Illegal purchase of Auckland properties
5 July 2019
Overseas investors fined almost $3 million for illegal purchase of Auckland properties
The High Court yesterday ordered the overseas owners of two rural properties at Warkworth, north of Auckland, to pay $2.95 million to the Crown after an Overseas Investment Office (OIO) investigation found they were bought without consent.
The properties were bought in 2012 and 2014.
The court ordered the owners to sell the properties and pay penalties, costs and the gain made on the investment.
The overseas owners – Chinese businessmen Zhongliang Hong and Xueli Ke, and IRL Investment Limited and Grand Energetic Company Limited – should have applied to the OIO for consent to buy both properties because they are rural land of more than five hectares.
Land Information New Zealand Group Manager, Overseas Investment Office, Vanessa Horne said the penalties recognised the significant breach of the Overseas Investment Act.
“Our rural land has special protections under the Overseas Investment Act to ensure that overseas investors meet certain requirements to be able to buy it.
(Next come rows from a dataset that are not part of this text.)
lemma integrable_unit_cube_prod_affine:
  assumes "finite K"
  shows "integrable (unit_cube K) (\<lambda>u. \<Prod>i\<in>K. a i + b i * u i)"
proof -
  interpret product_prob_space "\<lambda>_::nat. unit_interval" by (rule product_prob_space_unit_interval)
  show ?thesis
    unfolding unit_cube_def using assms
    by (rule product_integrable_prod) (auto intro: integrable_unit_interval_affine)
qed

lemma integral_unit_cube_prod_affine:
  assumes "finite K"
  shows "(\<integral>u. (\<Prod>i\<in>K. a i + b i * u i) \<partial>unit_cube K) = (\<Prod>i\<in>K. a i + b i / 2)"
proof -
  interpret product_prob_space "\<lambda>_::nat. unit_interval" by (rule product_prob_space_unit_interval)
  show ?thesis
    unfolding unit_cube_def using assms
    by (subst product_integral_prod) (auto intro: integrable_unit_interval_affine
        simp: integral_unit_interval_affine)
qed

lemma integral_unit_cube_restrict:
  fixes f :: "(nat \<Rightarrow> real) \<Rightarrow> real"
  assumes "K \<subseteq> L" "finite L" "f \<in> borel_measurable (unit_cube K)"
  shows "(\<integral>u. f (restrict u K) \<partial>unit_cube L) = integral\<^sup>L (unit_cube K) f"
proof -
  interpret product_prob_space "\<lambda>_::nat. unit_interval" by (rule product_prob_space_unit_interval)
  have "unit_cube K = distr (unit_cube L) (unit_cube K) (\<lambda>u. restrict u K)"
    unfolding unit_cube_def by (rule distr_restrict[OF assms(1,2)])
  then have "integral\<^sup>L (unit_cube K) f
      = integral\<^sup>L (distr (unit_cube L) (unit_cube K) (\<lambda>u. restrict u K)) f"
    by simp
  also have "\<dots> = (\<integral>u. f (restrict u K) \<partial>unit_cube L)"
    by (rule integral_distr) (use assms in \<open>auto simp: unit_cube_def intro: measurable_restrict_subset\<close>)
  finally show ?thesis by simp
qed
“The OIO will continue to investigate people and companies that do not respect the safeguards the Act provides for this sensitive land.”
The two properties illegally bought are:
• 185 Sandspit Road. In
January 2014 IRL (ultimately owned by Mr Hong and Mr Ke)
bought the land for $4,480,000. On 18 June 2019 the property
sold for $10,100,000, following the OIO investigation. A
gain of $2,335,256 was made on the sale after deducting
expenses such as legal costs and
• Kourawhero Lodge at 471 Wyllie Road. In July 2012 Mr Hong and Mr Ke bought the lodge for $2,550,000 through an associate. In April 2014 they transferred the land to Grand Energetic Company (ultimately owned by Mr Hong and Mr Ke). The lodge is due to be settled on 16 September 2019 for $3,250,000. No gain will be made on the sale after deducting expenses.
The OIO began its investigation of the transactions in October 2016. Mr Hong and Mr Ke changed lawyers three times during settlement negotiation with the OIO, which caused delay as each new set of solicitors had to be re-instructed and negotiations re-started.
At the time of the breaches, the Overseas Investment Act allowed a maximum penalty of $300,000 or the quantifiable gain made on the sale of the property, whichever is higher. Since the Overseas Investment Act was amended last year, the available penalty is now $300,000 or three times the quantifiable gain.
During the investigation Mr Hong and Mr Ke applied for retrospective consent to buy the properties. However, the OIO declined to grant consent because the investment did not provide enough benefits to New Zealand under the test to buy rural land.